Start of Raw data

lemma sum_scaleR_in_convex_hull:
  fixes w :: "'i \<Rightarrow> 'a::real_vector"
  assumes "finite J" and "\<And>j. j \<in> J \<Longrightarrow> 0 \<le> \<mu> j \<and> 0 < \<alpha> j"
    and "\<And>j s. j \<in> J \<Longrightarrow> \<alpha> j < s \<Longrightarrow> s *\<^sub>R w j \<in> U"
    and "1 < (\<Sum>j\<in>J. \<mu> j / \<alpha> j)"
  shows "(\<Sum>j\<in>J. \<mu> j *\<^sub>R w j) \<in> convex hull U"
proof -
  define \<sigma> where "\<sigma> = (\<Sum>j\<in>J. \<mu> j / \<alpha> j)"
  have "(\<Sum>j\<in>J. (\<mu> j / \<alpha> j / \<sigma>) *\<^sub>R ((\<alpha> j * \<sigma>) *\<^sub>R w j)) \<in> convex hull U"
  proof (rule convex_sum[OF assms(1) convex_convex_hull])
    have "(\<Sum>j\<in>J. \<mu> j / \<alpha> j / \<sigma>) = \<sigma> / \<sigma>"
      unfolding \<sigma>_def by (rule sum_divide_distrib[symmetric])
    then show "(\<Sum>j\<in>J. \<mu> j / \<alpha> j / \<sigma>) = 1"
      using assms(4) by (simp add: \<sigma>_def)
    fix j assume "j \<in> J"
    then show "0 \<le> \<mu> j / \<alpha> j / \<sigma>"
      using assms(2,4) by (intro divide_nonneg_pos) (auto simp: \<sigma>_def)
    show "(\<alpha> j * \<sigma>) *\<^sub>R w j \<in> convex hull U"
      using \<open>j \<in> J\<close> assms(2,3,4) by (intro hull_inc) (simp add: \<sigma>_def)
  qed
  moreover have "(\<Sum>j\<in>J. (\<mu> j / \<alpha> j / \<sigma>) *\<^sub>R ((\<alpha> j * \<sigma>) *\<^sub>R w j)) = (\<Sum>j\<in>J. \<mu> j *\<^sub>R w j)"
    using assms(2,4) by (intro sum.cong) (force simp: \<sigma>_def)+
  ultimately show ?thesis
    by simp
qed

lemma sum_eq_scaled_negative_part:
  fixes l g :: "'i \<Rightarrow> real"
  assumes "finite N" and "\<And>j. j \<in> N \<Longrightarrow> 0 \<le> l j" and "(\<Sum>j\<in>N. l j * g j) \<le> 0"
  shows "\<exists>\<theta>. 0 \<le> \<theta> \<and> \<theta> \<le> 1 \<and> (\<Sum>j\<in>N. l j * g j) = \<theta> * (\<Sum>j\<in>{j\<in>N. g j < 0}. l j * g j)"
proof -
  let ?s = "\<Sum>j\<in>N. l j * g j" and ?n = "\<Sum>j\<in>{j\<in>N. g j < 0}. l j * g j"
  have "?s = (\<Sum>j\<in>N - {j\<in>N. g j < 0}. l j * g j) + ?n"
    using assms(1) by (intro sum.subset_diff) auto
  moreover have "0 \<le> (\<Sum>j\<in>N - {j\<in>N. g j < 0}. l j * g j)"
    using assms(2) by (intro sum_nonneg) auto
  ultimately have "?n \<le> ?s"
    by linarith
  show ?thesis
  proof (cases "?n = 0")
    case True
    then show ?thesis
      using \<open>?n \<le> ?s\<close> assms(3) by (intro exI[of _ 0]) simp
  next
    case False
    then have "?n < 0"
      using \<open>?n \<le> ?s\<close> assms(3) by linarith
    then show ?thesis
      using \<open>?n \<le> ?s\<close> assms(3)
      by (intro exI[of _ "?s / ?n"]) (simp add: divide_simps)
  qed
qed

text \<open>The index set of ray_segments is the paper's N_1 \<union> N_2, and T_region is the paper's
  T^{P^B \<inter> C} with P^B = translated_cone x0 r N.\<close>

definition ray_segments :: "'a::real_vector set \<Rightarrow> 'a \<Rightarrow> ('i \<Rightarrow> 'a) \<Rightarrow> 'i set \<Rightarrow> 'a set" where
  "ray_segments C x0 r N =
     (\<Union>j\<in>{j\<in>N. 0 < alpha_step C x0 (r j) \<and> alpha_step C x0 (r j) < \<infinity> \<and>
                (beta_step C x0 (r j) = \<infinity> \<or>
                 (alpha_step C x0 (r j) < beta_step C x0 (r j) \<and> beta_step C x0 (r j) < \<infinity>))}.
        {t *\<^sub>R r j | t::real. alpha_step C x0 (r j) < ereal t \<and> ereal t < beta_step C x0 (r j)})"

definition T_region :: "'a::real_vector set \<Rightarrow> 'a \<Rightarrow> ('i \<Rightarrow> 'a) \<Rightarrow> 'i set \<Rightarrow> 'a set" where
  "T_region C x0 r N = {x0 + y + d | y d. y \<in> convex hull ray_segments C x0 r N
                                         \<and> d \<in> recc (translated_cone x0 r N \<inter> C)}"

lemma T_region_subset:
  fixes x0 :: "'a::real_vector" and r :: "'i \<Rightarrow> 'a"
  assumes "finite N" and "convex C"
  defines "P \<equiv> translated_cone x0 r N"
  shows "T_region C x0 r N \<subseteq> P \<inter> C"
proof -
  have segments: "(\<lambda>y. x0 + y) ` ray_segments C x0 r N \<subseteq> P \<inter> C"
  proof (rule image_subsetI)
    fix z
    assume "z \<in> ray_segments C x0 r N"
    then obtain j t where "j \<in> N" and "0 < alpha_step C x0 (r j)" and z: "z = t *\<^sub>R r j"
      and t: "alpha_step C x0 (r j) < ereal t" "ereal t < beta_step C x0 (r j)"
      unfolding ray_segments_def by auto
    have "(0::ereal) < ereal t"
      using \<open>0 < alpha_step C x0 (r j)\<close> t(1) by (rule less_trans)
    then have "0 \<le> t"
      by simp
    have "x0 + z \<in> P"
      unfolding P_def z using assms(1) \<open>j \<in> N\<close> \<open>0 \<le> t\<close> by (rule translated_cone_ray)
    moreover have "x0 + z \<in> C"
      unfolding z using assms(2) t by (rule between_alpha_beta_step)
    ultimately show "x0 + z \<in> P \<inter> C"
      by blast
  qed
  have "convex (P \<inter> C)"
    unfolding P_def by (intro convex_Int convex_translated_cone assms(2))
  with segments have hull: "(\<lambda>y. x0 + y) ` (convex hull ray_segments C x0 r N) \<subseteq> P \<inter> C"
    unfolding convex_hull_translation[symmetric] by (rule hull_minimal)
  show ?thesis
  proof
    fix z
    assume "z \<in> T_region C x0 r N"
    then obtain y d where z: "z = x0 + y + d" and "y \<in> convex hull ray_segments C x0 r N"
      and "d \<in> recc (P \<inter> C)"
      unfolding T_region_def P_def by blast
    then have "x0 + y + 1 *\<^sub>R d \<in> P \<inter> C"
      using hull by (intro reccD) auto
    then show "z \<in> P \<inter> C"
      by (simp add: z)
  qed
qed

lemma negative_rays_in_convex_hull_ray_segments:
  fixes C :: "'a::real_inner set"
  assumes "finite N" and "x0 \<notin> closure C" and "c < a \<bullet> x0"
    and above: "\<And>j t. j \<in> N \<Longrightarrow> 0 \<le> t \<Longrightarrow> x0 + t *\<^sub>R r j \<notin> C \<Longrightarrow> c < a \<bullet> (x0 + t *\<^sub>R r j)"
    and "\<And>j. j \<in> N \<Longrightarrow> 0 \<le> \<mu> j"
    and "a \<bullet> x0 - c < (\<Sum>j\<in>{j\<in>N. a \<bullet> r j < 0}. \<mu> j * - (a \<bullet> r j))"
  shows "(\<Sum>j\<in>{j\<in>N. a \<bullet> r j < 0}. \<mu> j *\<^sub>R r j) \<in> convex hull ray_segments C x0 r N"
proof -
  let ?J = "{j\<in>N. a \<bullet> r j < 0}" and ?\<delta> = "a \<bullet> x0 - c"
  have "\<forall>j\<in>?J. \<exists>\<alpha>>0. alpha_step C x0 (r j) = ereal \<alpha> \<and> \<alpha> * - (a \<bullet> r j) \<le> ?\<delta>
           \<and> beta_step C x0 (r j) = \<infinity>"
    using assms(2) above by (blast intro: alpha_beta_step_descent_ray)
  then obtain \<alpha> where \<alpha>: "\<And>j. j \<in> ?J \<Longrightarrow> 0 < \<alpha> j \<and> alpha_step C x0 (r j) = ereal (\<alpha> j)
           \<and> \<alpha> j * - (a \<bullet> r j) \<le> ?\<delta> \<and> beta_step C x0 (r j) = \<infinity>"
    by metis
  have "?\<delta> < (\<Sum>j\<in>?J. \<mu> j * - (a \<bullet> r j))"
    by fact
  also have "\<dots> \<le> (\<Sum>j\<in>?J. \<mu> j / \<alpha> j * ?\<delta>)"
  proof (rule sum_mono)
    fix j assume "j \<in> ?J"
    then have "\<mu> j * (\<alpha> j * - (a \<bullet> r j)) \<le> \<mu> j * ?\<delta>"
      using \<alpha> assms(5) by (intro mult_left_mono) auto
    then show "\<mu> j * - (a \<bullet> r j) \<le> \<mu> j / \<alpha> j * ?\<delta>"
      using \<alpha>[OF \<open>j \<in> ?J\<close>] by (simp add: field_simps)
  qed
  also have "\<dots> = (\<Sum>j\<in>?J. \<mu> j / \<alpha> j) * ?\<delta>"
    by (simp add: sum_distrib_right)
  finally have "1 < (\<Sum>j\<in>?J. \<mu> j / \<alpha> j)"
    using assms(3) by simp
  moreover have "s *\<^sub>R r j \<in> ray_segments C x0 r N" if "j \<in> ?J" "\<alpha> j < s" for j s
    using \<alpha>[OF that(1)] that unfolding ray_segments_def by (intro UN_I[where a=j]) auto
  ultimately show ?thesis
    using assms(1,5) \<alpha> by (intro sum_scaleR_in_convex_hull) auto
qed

End of Raw data

Exercise objective: Please return only the lines above, starting at the line that has "then obtain y" and ending at the line that has "1 *\<^sub>R d", keeping both and leaving each one unchanged.

Expected output:
    then obtain y d where z: "z = x0 + y + d" and "y \<in> convex hull ray_segments C x0 r N"
      and "d \<in> recc (P \<inter> C)"
      unfolding T_region_def P_def by blast
    then have "x0 + y + 1 *\<^sub>R d \<in> P \<inter> C"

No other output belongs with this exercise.